[Collected data entries]
------------------------------------
(* Let $K\ge 2$ and let $\boldsymbol{x}_1\in\mathbb{R}^{p_1},\dots,\boldsymbol{x}_K\in\mathbb{R}^{p_K}$ be random vectors whose entries lie in $\mathcal{L}_0^2$. Let $r_k=\dim\operatorname{span}(\boldsymbol{x}_k^\top)\ge 1$ and $r_f=\dim\sum_{k=1}^K\operatorname{span}(\boldsymbol{x}_k^\top)$. Let $\boldsymbol{f}_k\in\mathbb{R}^{r_k}$ be a random vector whose entries form an orthonormal basis of $\operatorname{span}(\boldsymbol{x}_k^\top)$ (so $\operatorname{cov}(\boldsymbol{f}_k)=\mathbf{I}_{r_k}$), let $\boldsymbol{f}=(\boldsymbol{f}_1^\top,\dots,\boldsymbol{f}_K^\top)^\top$, and let $\boldsymbol{\eta}^{(1)},\dots,\boldsymbol{\eta}^{(r_f)}$ be orthonormal eigenvectors of $\operatorname{cov}(\boldsymbol{f})$ with $\boldsymbol{\eta}^{(\ell)}$ corresponding to the $\ell$th largest eigenvalue $\lambda_\ell(\operatorname{cov}(\boldsymbol{f}))$; write $\boldsymbol{\eta}^{(\ell)}=((\boldsymbol{\eta}^{(\ell)}_1)^\top,\dots,(\boldsymbol{\eta}^{(\ell)}_K)^\top)^\top$ with $\boldsymbol{\eta}^{(\ell)}_k\in\mathbb{R}^{r_k}$. (Note $r_f=\operatorname{rank}\operatorname{cov}(\boldsymbol{f})$.) Consider, for $\ell=1,\dots,r_f$, the $\ell$th stage of Carroll's GCCA: $$\max_{z_1,\dots,z_K,w}\ \sum_{k=1}^K\cos^2\{\theta(z_k,w)\}\quad\text{s.t. } z_k\in\operatorname{span}(\boldsymbol{x}_k^\top),\ \|z_k\|=1\ (k\le K),\quad w\in\mathcal{L}_0^2,\ \|w\|=1,\ w\perp w^{(j)}\ (0\le j\le \ell-1),$$ where $w^{(0)}=0$ and $w^{(1)},\dots,w^{(\ell-1)}$ are the auxiliary variables chosen at the earlier stages. Then: (i) For every $\ell\le r_f$ and $k\le K$, a solution $(z^{(\ell)}_1,\dots,z^{(\ell)}_K,w^{(\ell)})$ of stage $\ell$ (with earlier stages solved in the same way) is given by $$w^{(\ell)}=[\lambda_\ell(\operatorname{cov}(\boldsymbol{f}))]^{-1/2}(\boldsymbol{\eta}^{(\ell)})^\top\boldsymbol{f},\qquad z_k^{(\ell)}=\begin{cases}\text{any standardized variable in }\operatorname{span}(\boldsymbol{x}_k^\top),&\boldsymbol{\eta}_k^{(\ell)}=\boldsymbol{0},\\ \pm(\boldsymbol{\eta}_k^{(\ell)}/\|\boldsymbol{\eta}_k^{(\ell)}\|_F)^\top\boldsymbol{f}_k,&\boldsymbol{\eta}_k^{(\ell)}\neq\boldsymbol{0}.\end{cases}$$ Moreover, $\cos\{\theta(z_k^{(\ell)},w^{(\ell)})\}=\pm[\lambda_\ell(\operatorname{cov}(\boldsymbol{f}))]^{1/2}\|\boldsymbol{\eta}_k^{(\ell)}\|_F$, $\sum_{k=1}^K\cos^2\{\theta(z_k^{(\ell)},w^{(\ell)})\}=\lambda_\ell(\operatorname{cov}(\boldsymbol{f}))$, and $\sum_{k=1}^K\operatorname{span}(\boldsymbol{x}_k^\top)=\operatorname{span}(\{w^{(\ell)}\}_{\ell=1}^{r_f})$. (ii) For $\ell\le r_f$, redefine $z_k^{(\ell)}=0$ if $\boldsymbol{\eta}_k^{(\ell)}=\boldsymbol{0}$ (equivalently $w^{(\ell)}\perp\operatorname{span}(\boldsymbol{x}_k^\top)$) and $z_k^{(\ell)}=(\boldsymbol{\eta}_k^{(\ell)}/\|\boldsymbol{\eta}_k^{(\ell)}\|_F)^\top\boldsymbol{f}_k$ otherwise. Then $\theta(z_k^{(\ell)},w^{(\ell)})\in[0,\pi/2]$ and $\operatorname{span}(\{z_k^{(\ell)}\}_{\ell=1}^{r_f})=\operatorname{span}(\boldsymbol{x}_k^\top)$ for every $k\le K$. (iii) For $z_k^{(\ell)}$ defined either as in (i) or as in (ii): if for some $\ell\le r_f$ and some $k\le K$ we have $\lambda_\ell(\operatorname{cov}(\boldsymbol{f}))\le 1$ and $\operatorname{span}(\{z_k^{(m)}\}_{m=1}^{\ell-1})\neq\operatorname{span}(\boldsymbol{x}_k^\top)$, then there exists a solution $w^{(\ell)}$ of the $\ell$th stage with $w^{(\ell)}\in\operatorname{span}(\boldsymbol{x}_k^\top)$ and $w^{(\ell)}\perp\sum_{1\le j\neq k\le K}\operatorname{span}(\boldsymbol{x}_j^\top)$.
   Context: $\mathcal{L}_0^2$ denotes the vector space of real-valued random variables with zero mean and finite variance, endowed with the covariance $\operatorname{cov}(\cdot,\cdot)$ as inner product; $\|x\|=\sqrt{\operatorname{var}(x)}$, $\perp$ means zero covariance (uncorrelatedness), and $\theta(x,y)$ is the angle in this inner product space, so $\cos\{\theta(x,y)\}=\operatorname{corr}(x,y)$ with the convention $\operatorname{corr}(x,0)=0$. For a random vector $\boldsymbol{v}$ with entries in $\mathcal{L}_0^2$, $\operatorname{span}(\boldsymbol{v}^\top)$ is the subspace of $\mathcal{L}_0^2$ spanned by its entries, and sums of subspaces are the usual sums. A standardized variable is one with unit variance. *)

theory Defs
  imports "HOL-Analysis.Analysis"
begin

text \<open>The space L_0^2 with the covariance inner product is modelled by an abstract
  real inner product space 'v: inner = cov, norm = standard deviation.\<close>

definition corr :: "'v::real_inner \<Rightarrow> 'v \<Rightarrow> real" where
  "corr x y = inner x y / (norm x * norm y)"

definition theta :: "'v::real_inner \<Rightarrow> 'v \<Rightarrow> real" where
  "theta x y = arccos (corr x y)"

text \<open>Feasible set of a GCCA stage: X k is the set of entries of x_k,
  W the set of previously chosen auxiliary variables (including w^(0) = 0).\<close>
definition gcca_feasible ::
  "nat \<Rightarrow> (nat \<Rightarrow> 'v::real_inner set) \<Rightarrow> 'v set \<Rightarrow> (nat \<Rightarrow> 'v) \<Rightarrow> 'v \<Rightarrow> bool" where
  "gcca_feasible K X W z w \<longleftrightarrow>
     (\<forall>k\<in>{1..K}. z k \<in> span (X k) \<and> norm (z k) = 1) \<and>
     norm w = 1 \<and> (\<forall>u\<in>W. inner w u = 0)"

definition gcca_obj :: "nat \<Rightarrow> (nat \<Rightarrow> 'v::real_inner) \<Rightarrow> 'v \<Rightarrow> real" where
  "gcca_obj K z w = (\<Sum>k=1..K. (corr (z k) w)\<^sup>2)"

definition gcca_stage_solution ::
  "nat \<Rightarrow> (nat \<Rightarrow> 'v::real_inner set) \<Rightarrow> 'v set \<Rightarrow> (nat \<Rightarrow> 'v) \<Rightarrow> 'v \<Rightarrow> bool" where
  "gcca_stage_solution K X W z w \<longleftrightarrow>
     gcca_feasible K X W z w \<and>
     (\<forall>z' w'. gcca_feasible K X W z' w' \<longrightarrow> gcca_obj K z' w' \<le> gcca_obj K z w)"

text \<open>Blocks: eta l k i is the i-th entry (i < r k) of the k-th block of eta^(l).\<close>
definition blk_zero :: "nat \<Rightarrow> (nat \<Rightarrow> real) \<Rightarrow> bool" where
  "blk_zero n v \<longleftrightarrow> (\<forall>i<n. v i = 0)"

definition blk_norm :: "nat \<Rightarrow> (nat \<Rightarrow> real) \<Rightarrow> real" where
  "blk_norm n v = sqrt (\<Sum>i<n. (v i)\<^sup>2)"

definition gcca_w ::
  "nat \<Rightarrow> (nat \<Rightarrow> nat) \<Rightarrow> (nat \<Rightarrow> nat \<Rightarrow> 'v::real_inner) \<Rightarrow> (nat \<Rightarrow> real)
   \<Rightarrow> (nat \<Rightarrow> nat \<Rightarrow> nat \<Rightarrow> real) \<Rightarrow> nat \<Rightarrow> 'v" where
  "gcca_w K r f lam eta l =
     (1 / sqrt (lam l)) *\<^sub>R (\<Sum>k=1..K. \<Sum>i<r k. eta l k i *\<^sub>R f k i)"

definition gcca_z_ii ::
  "(nat \<Rightarrow> nat) \<Rightarrow> (nat \<Rightarrow> nat \<Rightarrow> 'v::real_inner)
   \<Rightarrow> (nat \<Rightarrow> nat \<Rightarrow> nat \<Rightarrow> real) \<Rightarrow> nat \<Rightarrow> nat \<Rightarrow> 'v" where
  "gcca_z_ii r f eta l k =
     (if blk_zero (r k) (eta l k) then 0
      else (\<Sum>i<r k. (eta l k i / blk_norm (r k) (eta l k)) *\<^sub>R f k i))"

definition gcca_z_i_choice ::
  "(nat \<Rightarrow> 'v::real_inner set) \<Rightarrow> (nat \<Rightarrow> nat) \<Rightarrow> (nat \<Rightarrow> nat \<Rightarrow> 'v)
   \<Rightarrow> (nat \<Rightarrow> nat \<Rightarrow> nat \<Rightarrow> real) \<Rightarrow> nat \<Rightarrow> nat \<Rightarrow> 'v \<Rightarrow> bool" where
  "gcca_z_i_choice X r f eta l k z \<longleftrightarrow>
     (if blk_zero (r k) (eta l k) then z \<in> span (X k) \<and> norm z = 1
      else z = gcca_z_ii r f eta l k \<or> z = - gcca_z_ii r f eta l k)"

end

theory Submission
  imports Defs "Jordan_Normal_Form.Determinant"
begin

text \<open>
  Collect the entries of all f_k into one family F indexed by pairs (k, i) and put
  u_m = (eta^(m))^T f, so that w^(m) = lambda_m^(-1/2) u_m. The eigen-equations give
  cov(u_l, u_m) = lambda_m delta_lm, and since the eigenvectors form an orthogonal matrix,
  F = sum_m eta^(m) u_m. Hence for every v the sum of cov(F_s, v)^2 over all s equals
  sum_m lambda_m cov(w^(m), v)^2, which by Bessel's inequality is at most lambda_l when v is a
  unit vector orthogonal to w^(1), ..., w^(l-1). By Cauchy--Schwarz inside each block this sum
  bounds the GCCA objective of every feasible point of stage l, and the proposed solution
  attains lambda_l because the projection of w^(l) onto span(x_k) is
  lambda_l^(1/2) |eta_k^(l)| z_k^(l). The same projection formula gives (ii). For (iii), a
  unit vector y in span(x_k) orthogonal to the earlier z_k^(m) is orthogonal to the earlier
  w^(m); the choice z_k = w = y has objective at least 1 >= lambda_l, and the bound forces
  all coordinates of y in the other blocks to vanish.
\<close>

definition orthonormal_on :: "'i set \<Rightarrow> ('i \<Rightarrow> 'v::real_inner) \<Rightarrow> bool" where
  "orthonormal_on I g \<longleftrightarrow> (\<forall>i\<in>I. \<forall>j\<in>I. inner (g i) (g j) = (if i = j then 1 else 0))"

definition orthonormal_proj :: "'i set \<Rightarrow> ('i \<Rightarrow> 'v::real_inner) \<Rightarrow> 'v \<Rightarrow> 'v" where
  "orthonormal_proj I g y = (\<Sum>i\<in>I. inner y (g i) *\<^sub>R g i)"

context
  fixes I :: "'i set" and g :: "'i \<Rightarrow> 'v::real_inner"
  assumes finite_I: "finite I" and orthonormal: "orthonormal_on I g"
begin

lemma inner_sum_orthonormal:
  assumes "j \<in> I"
  shows "inner (\<Sum>i\<in>I. c i *\<^sub>R g i) (g j) = c j"
proof -
  have "(\<Sum>i\<in>I. c i * inner (g i) (g j)) = (\<Sum>i\<in>I. if i = j then c i else 0)"
    using orthonormal assms by (intro sum.cong) (auto simp: orthonormal_on_def)
  then show ?thesis by (simp add: inner_sum_left finite_I assms)
qed

lemma inner_self_sum_orthonormal:
  "inner (\<Sum>i\<in>I. c i *\<^sub>R g i) (\<Sum>i\<in>I. c i *\<^sub>R g i) = (\<Sum>i\<in>I. (c i)\<^sup>2)"
  by (simp add: inner_sum_right inner_sum_orthonormal power2_eq_square)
------------------------------------
**Try it**
Return the count of lines in the entries above that include the word "assumes", without any added text.

**Response box**
2